■ WHAT YOU NEED TO DO ■
Every line holding "UNIV" should be copied from the records below.

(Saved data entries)

--- START ---

lemma C_time_Ck_add:
  "C_time_Ck M T k u \<Longrightarrow> C_time_Ck M T k v \<Longrightarrow> C_time_Ck M T k (\<lambda>x t. u x t + v x t)"
proof (induction k arbitrary: u v)
  case (Suc k)
  note u = C_time_Ck_SucD[OF Suc.prems(1)] and v = C_time_Ck_SucD[OF Suc.prems(2)]
  show ?case
    by (rule C_time_Ck_SucI[where u'="\<lambda>x t. x_deriv u x t + x_deriv v x t"])
       (auto intro!: C_time_C0_add Suc.IH u v derivative_eq_intros)
qed (rule C_time_C0_add)

context
  fixes M T :: real
  assumes M_pos: "M > 0"
begin

lemma C_time_Ck_mult:
  "C_time_Ck M T k u \<Longrightarrow> C_time_Ck M T k v \<Longrightarrow> C_time_Ck M T k (\<lambda>x t. u x t * v x t)"
proof (induction k arbitrary: u v)
  case (Suc k)
  note u = C_time_Ck_SucD[OF Suc.prems(1)] and v = C_time_Ck_SucD[OF Suc.prems(2)]
  show ?case
    by (rule C_time_Ck_SucI[where u'="\<lambda>x t. x_deriv u x t * v x t + u x t * x_deriv v x t"])
       (auto intro!: C_time_C0_mult[OF M_pos] C_time_Ck_add Suc.IH u v derivative_eq_intros)
qed (rule C_time_C0_mult[OF M_pos])

lemma C_time_Ck_cmult: "C_time_Ck M T k u \<Longrightarrow> C_time_Ck M T k (\<lambda>x t. c * u x t)"
  using C_time_Ck_mult[OF C_time_Ck_const[of T "\<lambda>t. c"]] by auto

lemma C_time_Ck_diff:
  "C_time_Ck M T k u \<Longrightarrow> C_time_Ck M T k v \<Longrightarrow> C_time_Ck M T k (\<lambda>x t. u x t - v x t)"
  using C_time_Ck_add[of M T k u "\<lambda>x t. (-1) * v x t"] C_time_Ck_cmult[of k v "-1"] by simp

lemma C_time_Ck_exp: "C_time_Ck M T k u \<Longrightarrow> C_time_Ck M T k (\<lambda>x t. exp (u x t))"
proof (induction k arbitrary: u)
  case 0
  show ?case
    by (rule C_time_C0_comp_continuous[OF M_pos 0, of UNIV]) (auto intro: continuous_intros)
next
  case (Suc k)
  note u = C_time_Ck_SucD[OF Suc.prems]
  have exp_u: "C_time_Ck M T k (\<lambda>x t. exp (u x t))" by (rule Suc.IH[OF u(2)])
  show ?case
    by (rule C_time_Ck_SucI[where u'="\<lambda>x t. exp (u x t) * x_deriv u x t"])
       (auto intro!: C_time_Ck_le_imp[OF exp_u] C_time_Ck_mult exp_u u derivative_eq_intros)
qed

lemma C_time_Ck_inverse:
  assumes "c > 0" "\<And>x t. t \<in> {0..T} \<Longrightarrow> c \<le> u x t" "C_time_Ck M T k u"
  shows "C_time_Ck M T k (\<lambda>x t. 1 / u x t)"
  using assms(3)
proof (induction k)
  case 0
  show ?case
    by (rule C_time_C0_comp_continuous[OF M_pos 0, of "{c..}"])
       (use assms(1,2) in \<open>auto intro!: continuous_intros\<close>)
next
  case (Suc k)
  note u = C_time_Ck_SucD[OF Suc.prems]
  have inv: "C_time_Ck M T k (\<lambda>x t. 1 / u x t)" by (rule Suc.IH[OF u(2)])
  show ?case
  proof (rule C_time_Ck_SucI[where u'="\<lambda>x t. (-1) * (x_deriv u x t * ((1 / u x t) * (1 / u x t)))"])
    show "C_time_Ck M T 0 (\<lambda>x t. 1 / u x t)" by (rule C_time_Ck_le_imp[OF inv]) simp
    show "C_time_Ck M T k (\<lambda>x t. (-1) * (x_deriv u x t * ((1 / u x t) * (1 / u x t))))"
      by (intro C_time_Ck_cmult C_time_Ck_mult u inv)
    fix t x assume t: "t \<in> {0..T}"
    have "u x t \<noteq> 0" using assms(1) assms(2)[OF t, of x] by auto
    then show "((\<lambda>y. 1 / u y t) has_real_derivative (-1) * (x_deriv u x t * ((1 / u x t) * (1 / u x t)))) (at x)"
      using u(4)[OF t, of x] by (auto intro!: derivative_eq_intros simp: field_simps power2_eq_square)
  qed
qed

lemma C_time_Ck_ln:
  assumes "c > 0" "\<And>x t. t \<in> {0..T} \<Longrightarrow> c \<le> u x t" "C_time_Ck M T k u"
  shows "C_time_Ck M T k (\<lambda>x t. ln (u x t))"
proof -
  have "C_time_Ck M T 0 (\<lambda>x t. ln (u x t))"
    by (rule C_time_C0_comp_continuous[OF M_pos C_time_Ck_le_imp[OF assms(3)], of "{c..}"])
       (use assms(1,2) in \<open>auto intro!: continuous_intros\<close>)
  then show ?thesis
  proof (cases k)
    case (Suc j)
    note u = C_time_Ck_SucD[OF assms(3)[unfolded Suc]]
    show ?thesis unfolding Suc
    proof (rule C_time_Ck_SucI[where u'="\<lambda>x t. x_deriv u x t * (1 / u x t)"])
      show "C_time_Ck M T j (\<lambda>x t. x_deriv u x t * (1 / u x t))"
        by (intro C_time_Ck_mult u C_time_Ck_inverse[OF assms(1,2)])
      fix t x assume t: "t \<in> {0..T}"
      have "u x t > 0" using assms(1) assms(2)[OF t, of x] by auto
      then show "((\<lambda>y. ln (u y t)) has_real_derivative x_deriv u x t * (1 / u x t)) (at x)"
        using u(4)[OF t, of x] by (auto intro!: derivative_eq_intros simp: field_simps)
    qed (rule \<open>C_time_Ck M T 0 (\<lambda>x t. ln (u x t))\<close>)
  qed simp
qed

lemma C_time_C0_lower_bound_from_period:
  assumes "C_time_Ck M T 0 a" "\<And>x t. x \<in> {0..M} \<Longrightarrow> t \<in> {0..T} \<Longrightarrow> c \<le> a x t"
    and "t \<in> {0..T}"
  shows "c \<le> a x t"
proof -
  have "\<forall>x. a (x + M) t = a x t" using assms(1,3) unfolding C_time_Ck_0_iff by blast
  then obtain y where "y \<in> {0..M}" "a x t = a y t"
    by (rule periodic_value_in_period[OF M_pos, of "\<lambda>x. a x t"])
  then show ?thesis using assms(2,3) by simp
qed

lemma C_time_C0_exp_bounds:
  assumes "C_time_Ck M T 0 u"
  obtains k where "k > 1" "\<And>x t. t \<in> {0..T} \<Longrightarrow> 1 / k \<le> exp (u x t) \<and> exp (u x t) \<le> k"
proof -
  obtain B where B: "\<And>x t. t \<in> {0..T} \<Longrightarrow> \<bar>u x t\<bar> \<le> B"
    using C_time_C0_bounded[OF M_pos assms] by blast
  have "1 / exp (\<bar>B\<bar> + 1) \<le> exp (u x t) \<and> exp (u x t) \<le> exp (\<bar>B\<bar> + 1)" if "t \<in> {0..T}" for x t
  proof -
    have bounds: "- (\<bar>B\<bar> + 1) \<le> u x t" "u x t \<le> \<bar>B\<bar> + 1" using B[OF that, of x] by linarith+
    have "1 / exp (\<bar>B\<bar> + 1) = exp (- (\<bar>B\<bar> + 1))" by (simp only: exp_minus inverse_eq_divide)
    also have "\<dots> \<le> exp (u x t)" using bounds(1) by simp
    finally show ?thesis using bounds(2) by simp
  qed
  then show thesis using that[of "exp (\<bar>B\<bar> + 1)"] by simp
qed

lemma C_time_Ck_divide:
  assumes "c > 0" "\<And>x t. t \<in> {0..T} \<Longrightarrow> c \<le> a x t" "C_time_Ck M T k b" "C_time_Ck M T k a"
  shows "C_time_Ck M T k (\<lambda>x t. b x t / a x t)"
  using C_time_Ck_mult[OF assms(3) C_time_Ck_inverse[OF assms(1,2,4)]] by simp

end

section \<open>Period mean and mean-free primitive\<close>

definition period_mean :: "real \<Rightarrow> (real \<Rightarrow> real \<Rightarrow> real) \<Rightarrow> real \<Rightarrow> real" where
  "period_mean M h t = (1 / M) * (LBINT y=0..M. h y t)"

definition mean_free_primitive :: "real \<Rightarrow> (real \<Rightarrow> real \<Rightarrow> real) \<Rightarrow> real \<Rightarrow> real \<Rightarrow> real" where
  "mean_free_primitive M h x t = (LBINT y=0..x. h y t - period_mean M h t)"

lemma interval_integral_has_real_derivative:
  fixes f :: "real \<Rightarrow> real"
  assumes "continuous_on UNIV f"
  shows "((\<lambda>u. LBINT y=0..u. f y) has_real_derivative f x) (at x)"
proof -
  let ?a = "min (-1) (x - 1)" and ?b = "max 1 (x + 1)"
  have "((\<lambda>u. LBINT y=0..u. f y) has_vector_derivative f x) (at x within {?a..?b})"
    using interval_integral_FTC2[of ?a 0 ?b f x] continuous_on_subset[OF assms]
    by (simp add: zero_ereal_def)
  moreover have "at x within {?a..?b} = at x" by (rule at_within_Icc_at) auto
  ultimately show ?thesis by (simp add: has_real_derivative_iff_has_vector_derivative)
qed

lemma interval_integral_eq_integral_continuous:
  fixes f :: "real \<Rightarrow> real"
  assumes "continuous_on UNIV f" "0 \<le> x"
  shows "(LBINT y=0..x. f y) = integral {0..x} f"
  using interval_integral_eq_integral[OF assms(2)]
     borel_integrable_atLeastAtMost'[OF continuous_on_subset[OF assms(1)], of 0 x]
  by (simp add: zero_ereal_def)

lemma is_time_deriv_from_period:
  fixes M :: real
  assumes "M > 0"
    and "\<And>x t. t \<in> {0..T} \<Longrightarrow> u (x + M) t = u x t"
    and "\<And>x t. t \<in> {0..T} \<Longrightarrow> ut (x + M) t = ut x t"
    and "\<And>x t. x \<in> {0..M} \<Longrightarrow> t \<in> {0..T} \<Longrightarrow> ((\<lambda>s. u x s) has_real_derivative ut x t) (at t within {0..T})"
  shows "is_time_deriv T u ut"
  unfolding is_time_deriv_def
proof (intro allI ballI)
  fix x t assume t: "t \<in> {0..T}"
  obtain k :: int where k: "x + of_int k * M \<in> {0..M}" using shift_into_period[OF assms(1)] .
  have "ut (x + of_int k * M) t = ut x t"
    by (rule periodic_int_shift) (use assms(3)[OF t] in simp)
  with assms(4)[OF k t]
  have "((\<lambda>s. u (x + of_int k * M) s) has_real_derivative ut x t) (at t within {0..T})" by simp
  then show "((\<lambda>s. u x s) has_real_derivative ut x t) (at t within {0..T})"
    by (rule has_field_derivative_transform_within[OF _ zero_less_one t])
       (rule periodic_int_shift, use assms(2) in simp)
qed

context
  fixes M T :: real
  assumes M_pos: "M > 0"
begin

lemma C_time_C0_continuous_on_x: "C_time_Ck M T 0 h \<Longrightarrow> t \<in> {0..T} \<Longrightarrow> continuous_on A (\<lambda>y. h y t)"
  unfolding C_time_Ck_0_iff using continuous_on_subset[of UNIV "\<lambda>y. h y t" A] by blast

lemma period_mean_eq_integral:
  "C_time_Ck M T 0 h \<Longrightarrow> t \<in> {0..T} \<Longrightarrow> period_mean M h t = (1/M) * integral {0..M} (\<lambda>y. h y t)"
  unfolding period_mean_def
  using interval_integral_eq_integral_continuous[OF C_time_C0_continuous_on_x, of h t M] M_pos by simp

lemma mean_free_primitive_eq_integral:
  assumes h: "C_time_Ck M T 0 h" and t: "t \<in> {0..T}" and x: "0 \<le> x"
  shows "mean_free_primitive M h x t = integral {0..x} (\<lambda>y. h y t) - x * period_mean M h t"
proof -
  have "mean_free_primitive M h x t = integral {0..x} (\<lambda>y. h y t - period_mean M h t)"
    unfolding mean_free_primitive_def
    by (rule interval_integral_eq_integral_continuous[OF _ x])
       (intro continuous_intros C_time_C0_continuous_on_x[OF h t])
  also have "\<dots> = integral {0..x} (\<lambda>y. h y t) - x * period_mean M h t"
    using x C_time_C0_continuous_on_x[OF h t]
    by (simp add: integral_diff[OF integrable_continuous_real integrable_const_ivl])
  finally show ?thesis .
qed

lemma mean_free_primitive_has_real_derivative:
  assumes "C_time_Ck M T 0 h" "t \<in> {0..T}"
  shows "((\<lambda>y. mean_free_primitive M h y t) has_real_derivative h x t - period_mean M h t) (at x)"
  unfolding mean_free_primitive_def
  by (rule interval_integral_has_real_derivative[of "\<lambda>y. h y t - period_mean M h t"])
     (intro continuous_intros C_time_C0_continuous_on_x[OF assms])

--- END ---

■ EXERCISE RESULT ■
    by (rule C_time_C0_comp_continuous[OF M_pos 0, of UNIV]) (auto intro: continuous_intros)
  assumes "continuous_on UNIV f"
  assumes "continuous_on UNIV f" "0 \<le> x"
  unfolding C_time_Ck_0_iff using continuous_on_subset[of UNIV "\<lambda>y. h y t" A] by blast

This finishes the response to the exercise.